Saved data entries

------

lemmas groupoid_simps [simp] =
  src_unit[OF groupoid] tgt_unit[OF groupoid] src_ginv[OF groupoid] tgt_ginv[OF groupoid]
  ginv_ginv[OF groupoid] in_orbit_self[OF groupoid]

lemma algebra: "banach_algebra_bundle A"
  using algebra_G unfolding algebra_G_bundle_def by blast

lemma bundle_E: "banach_bundle E"
  by (rule module_banach_bundle[OF module])

lemma norm_E_nonneg [simp]: "0 \<le> bnorm E e"
  by (rule bundle_norm_nonneg[OF bundle_E])

lemma act_mem: "a \<in> fib A (src Gr g) \<Longrightarrow> act g a \<in> fib A (tgt Gr g)"
  using algebra_G unfolding algebra_G_bundle_def by (meson bij_betw_apply)

lemma act_unit: "act (unit Gr (bproj A a)) a = a"
  using algebra_G unfolding algebra_G_bundle_def by blast

lemma act_gmul: "src Gr g = tgt Gr h \<Longrightarrow> bproj A a = src Gr h \<Longrightarrow> act (gmul Gr g h) a = act g (act h a)"
  using algebra_G unfolding algebra_G_bundle_def by blast

lemma sigma_mem: "src Gr g = tgt Gr h \<Longrightarrow> \<sigma> g h \<in> fib A (tgt Gr g)"
  using multiplier unfolding multiplier_def by blast

lemma sigma_invertible: "src Gr g = tgt Gr h \<Longrightarrow> a_invertible A (\<sigma> g h)"
  using multiplier unfolding multiplier_def by blast

lemma ainv_sigma:
  assumes "src Gr g = tgt Gr h"
  shows "ainv A (\<sigma> g h) \<in> fib A (tgt Gr g)" "amul A (ainv A (\<sigma> g h)) (\<sigma> g h) = aone A (tgt Gr g)"
  using ainv_inverse[OF algebra sigma_invertible[OF assms]] sigma_mem[OF assms] by (auto simp: mem_fib_iff)

lemma norm_ainv_sigma_ginv_le: "bnorm A (ainv A (\<sigma> g (ginv Gr g))) \<le> ell Gr A \<sigma> g"
  unfolding ell_def by simp

lemma one_le_ell: "1 \<le> ell Gr A \<sigma> g"
  unfolding ell_def by simp

lemma ell_nonneg: "0 \<le> ell Gr A \<sigma> g"
  using one_le_ell[of g] by simp

lemma T_A_linear: "a \<in> fib A (src Gr g) \<Longrightarrow> e \<in> fib E (src Gr g) \<Longrightarrow> T g (m a e) = m (act g a) (T g e)"
  using A_linear unfolding A_linear_def by blast

lemma T_pullback_morphism: "pullback_morphism E E (src Gr) (tgt Gr) T"
  using almost_rep unfolding almost_representation_def by blast

lemma T_mem: "e \<in> fib E (src Gr g) \<Longrightarrow> T g e \<in> fib E (tgt Gr g)"
  using T_pullback_morphism unfolding pullback_morphism_def fib_bounded_linear_def by blast

lemma T_badd: "a \<in> fib E (src Gr g) \<Longrightarrow> b \<in> fib E (src Gr g) \<Longrightarrow> T g (badd E a b) = badd E (T g a) (T g b)"
  using T_pullback_morphism unfolding pullback_morphism_def fib_bounded_linear_def by blast

lemma T_bscale: "a \<in> fib E (src Gr g) \<Longrightarrow> T g (bscale E c a) = bscale E c (T g a)"
  using T_pullback_morphism unfolding pullback_morphism_def fib_bounded_linear_def by blast

lemma T_bounded: "\<exists>K. \<forall>a\<in>fib E (src Gr g). bnorm E (T g a) \<le> K * bnorm E a"
  using T_pullback_morphism unfolding pullback_morphism_def fib_bounded_linear_def by blast

lemma T_bsub:
  assumes "a \<in> fib E (src Gr g)" "b \<in> fib E (src Gr g)"
  shows "T g (bsub E a b) = bsub E (T g a) (T g b)"
proof -
  interpret banach_fiber_space E "src Gr g" by (rule banach_bundle_fiber_space[OF bundle_E])
  show ?thesis unfolding bsub_def using assms by (simp add: T_badd T_bscale)
qed

lemma T_bzero: "T g (bzero E (src Gr g)) = bzero E (tgt Gr g)"
proof -
  interpret X: banach_fiber_space E "src Gr g" by (rule banach_bundle_fiber_space[OF bundle_E])
  interpret Y: banach_fiber_space E "tgt Gr g" by (rule banach_bundle_fiber_space[OF bundle_E])
  show ?thesis using T_bsub[OF X.zero_mem X.zero_mem] T_mem[OF X.zero_mem] by simp
qed

lemma tendsto_T:
  assumes "(g \<longlongrightarrow> g0) F" "(f \<longlongrightarrow> f0) F"
    and "eventually (\<lambda>i. bproj E (f i) = src Gr (g i)) F" "bproj E f0 = src Gr g0"
  shows "((\<lambda>i. T (g i) (f i)) \<longlongrightarrow> T g0 f0) F"
proof -
  have "continuous_on {(g, e). bproj E e = src Gr g} (\<lambda>(g, e). (g, T g e))"
    using T_pullback_morphism unfolding pullback_morphism_def by blast
  from continuous_on_tendsto_compose[OF this, of "\<lambda>i. (g i, f i)" "(g0, f0)"]
  have "((\<lambda>i. (g i, T (g i) (f i))) \<longlongrightarrow> (g0, T g0 f0)) F"
    using assms by (auto intro: tendsto_Pair)
  from tendsto_snd[OF this] show ?thesis by simp
qed

definition defect_real :: "'x \<Rightarrow> real" where
  "defect_real x = real_of_ereal (defect Gr A E m \<sigma> T x)"

lemma defect_nonneg: "0 \<le> defect Gr A E m \<sigma> T x"
proof -
  let ?P = "{(g, h). tgt Gr g \<in> orbit Gr x \<and> tgt Gr h = src Gr g}"
  let ?f = "\<lambda>gh. ereal (ell Gr A \<sigma> (fst gh)) *
        opnorm E E (src Gr (snd gh))
          (\<lambda>e. bsub E (m (\<sigma> (fst gh) (snd gh)) (T (gmul Gr (fst gh) (snd gh)) e))
                       (T (fst gh) (T (snd gh) e)))"
  have "0 \<le> opnorm E E x (\<lambda>e. bsub E e (T (unit Gr x) e))"
    by (rule opnorm_nonneg[OF bundle_E bundle_E])
  also have "\<dots> \<le> (SUP y\<in>orbit Gr x. opnorm E E y (\<lambda>e. bsub E e (T (unit Gr y) e)))"
    by (rule SUP_upper) simp
  finally have "0 \<le> (SUP y\<in>orbit Gr x. opnorm E E y (\<lambda>e. bsub E e (T (unit Gr y) e)))" .
  moreover have "0 \<le> ?f (unit Gr x, unit Gr x)"
    using one_le_ell[of "unit Gr x"] by (simp add: ereal_zero_le_0_iff opnorm_nonneg[OF bundle_E bundle_E])
  then have "0 \<le> (SUP gh\<in>?P. ?f gh)"
    by (rule order_trans) (rule SUP_upper, simp)
  ultimately show ?thesis unfolding defect_def by simp
qed

lemma defect_eq_real: "defect Gr A E m \<sigma> T x = ereal (defect_real x)"
  and defect_real_nonneg: "0 \<le> defect_real x"
  and defect_real_le_quarter: "defect_real x \<le> 1 / 4"
proof -
  have le: "defect Gr A E m \<sigma> T x \<le> ereal (1 / 4)"
    using almost_rep unfolding almost_representation_def
    by (metis ereal_divide numeral_eq_ereal one_ereal_def zero_neq_numeral)
  then show eq: "defect Gr A E m \<sigma> T x = ereal (defect_real x)"
    using defect_nonneg[of x] unfolding defect_real_def by (cases "defect Gr A E m \<sigma> T x") auto
  show "0 \<le> defect_real x" "defect_real x \<le> 1 / 4"
    using le defect_nonneg[of x] unfolding eq by auto
qed

lemma norm_unit_deviation_le:
  assumes "opnorm E E y (\<lambda>e. bsub E e (T (unit Gr y) e)) \<le> ereal a" and e: "e \<in> fib E y"
  shows "bnorm E (bsub E e (T (unit Gr y) e)) \<le> a * bnorm E e"
proof (rule norm_le_of_opnorm_le[OF bundle_E bundle_E _ _ assms])
  interpret banach_fiber_space E y by (rule banach_bundle_fiber_space[OF bundle_E])
  show "bsub E f (T (unit Gr y) f) \<in> fib E y" if "f \<in> fib E y" for f
    using that T_mem[of f "unit Gr y"] by simp
  show "bsub E (bscale E c f) (T (unit Gr y) (bscale E c f)) = bscale E c (bsub E f (T (unit Gr y) f))"
    if "f \<in> fib E y" for c f
    using that T_mem[of f "unit Gr y"] T_bscale[of f "unit Gr y" c] by (simp add: scale_sub)
qed

lemma norm_cocycle_deviation_le:
  assumes k: "tgt Gr k = src Gr h"
    and "opnorm E E (src Gr k) (\<lambda>e. bsub E (m (\<sigma> h k) (T (gmul Gr h k) e)) (T h (T k e))) \<le> ereal a"
    and e: "e \<in> fib E (src Gr k)"
  shows "bnorm E (bsub E (m (\<sigma> h k) (T (gmul Gr h k) e)) (T h (T k e))) \<le> a * bnorm E e"
proof (rule norm_le_of_opnorm_le[OF bundle_E bundle_E _ _ assms(2) e])
  interpret banach_fiber_space E "tgt Gr h" by (rule banach_bundle_fiber_space[OF bundle_E])
  have Thk_mem: "T (gmul Gr h k) f \<in> fib E (tgt Gr h)" if "f \<in> fib E (src Gr k)" for f
    using T_mem[of f "gmul Gr h k"] src_gmul[OF groupoid] tgt_gmul[OF groupoid] k that by simp
  have TT_mem: "T h (T k f) \<in> fib E (tgt Gr h)" if "f \<in> fib E (src Gr k)" for f
    using T_mem[of "T k f" h] T_mem[OF that] k by simp
  show "bsub E (m (\<sigma> h k) (T (gmul Gr h k) f)) (T h (T k f)) \<in> fib E (tgt Gr h)"
    if "f \<in> fib E (src Gr k)" for f
    using module_mem[OF module sigma_mem Thk_mem[OF that]] TT_mem[OF that] k by simp
  show "bsub E (m (\<sigma> h k) (T (gmul Gr h k) (bscale E r f))) (T h (T k (bscale E r f))) =
      bscale E r (bsub E (m (\<sigma> h k) (T (gmul Gr h k) f)) (T h (T k f)))"
    if "f \<in> fib E (src Gr k)" for r f
    using that Thk_mem[OF that] TT_mem[OF that] T_mem[OF that] module_mem[OF module sigma_mem] k
      module_bscale[OF module sigma_mem Thk_mem[OF that]] src_gmul[OF groupoid]
    by (simp add: T_bscale scale_sub)
qed

lemma defect_splits:
  assumes y: "y \<in> orbit Gr x" and h: "tgt Gr h \<in> orbit Gr x" and k: "tgt Gr k = src Gr h"
  obtains a1 a2 where "0 \<le> a1" "0 \<le> a2" "a1 + ell Gr A \<sigma> h * a2 \<le> defect_real x"
    "\<And>e. e \<in> fib E y \<Longrightarrow> bnorm E (bsub E e (T (unit Gr y) e)) \<le> a1 * bnorm E e"
    "\<And>e. e \<in> fib E (src Gr k) \<Longrightarrow>
       bnorm E (bsub E (m (\<sigma> h k) (T (gmul Gr h k) e)) (T h (T k e))) \<le> a2 * bnorm E e"
proof -
  let ?u = "\<lambda>e. bsub E e (T (unit Gr y) e)"
  let ?c = "\<lambda>e. bsub E (m (\<sigma> h k) (T (gmul Gr h k) e)) (T h (T k e))"
  let ?P = "{(g, h). tgt Gr g \<in> orbit Gr x \<and> tgt Gr h = src Gr g}"
  let ?f = "\<lambda>gh. ereal (ell Gr A \<sigma> (fst gh)) *
        opnorm E E (src Gr (snd gh))
          (\<lambda>e. bsub E (m (\<sigma> (fst gh) (snd gh)) (T (gmul Gr (fst gh) (snd gh)) e))
                       (T (fst gh) (T (snd gh) e)))"
  have "opnorm E E y ?u \<le> (SUP y\<in>orbit Gr x. opnorm E E y (\<lambda>e. bsub E e (T (unit Gr y) e)))"
    by (rule SUP_upper[OF y])
  moreover have "ereal (ell Gr A \<sigma> h) * opnorm E E (src Gr k) ?c \<le> (SUP gh\<in>?P. ?f gh)"
    using SUP_upper[of "(h, k)" ?P ?f] h k by simp
  ultimately obtain a1 a2 where a: "opnorm E E y ?u = ereal a1" "opnorm E E (src Gr k) ?c = ereal a2"
    "a1 + ell Gr A \<sigma> h * a2 \<le> defect_real x"
    using ereal_sum_le_split[OF opnorm_nonneg[OF bundle_E bundle_E] opnorm_nonneg[OF bundle_E bundle_E]
        _ _ _ one_le_ell] defect_eq_real[of x]
    unfolding defect_def by blast
  show thesis
  proof
    show "0 \<le> a1" "0 \<le> a2"
      using a opnorm_nonneg[OF bundle_E bundle_E] by (metis ereal_less_eq(5))+
    show "a1 + ell Gr A \<sigma> h * a2 \<le> defect_real x" by (rule a(3))
    show "bnorm E (?u e) \<le> a1 * bnorm E e" if "e \<in> fib E y" for e
      using norm_unit_deviation_le[OF _ that] a(1) by simp
    show "bnorm E (?c e) \<le> a2 * bnorm E e" if "e \<in> fib E (src Gr k)" for e
      using norm_cocycle_deviation_le[OF k _ that] a(2) by simp
  qed
qed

------

> Exercise description:
Say how many lines in the records hold the word "thesis", giving the number by itself.

> Answer to this task:
5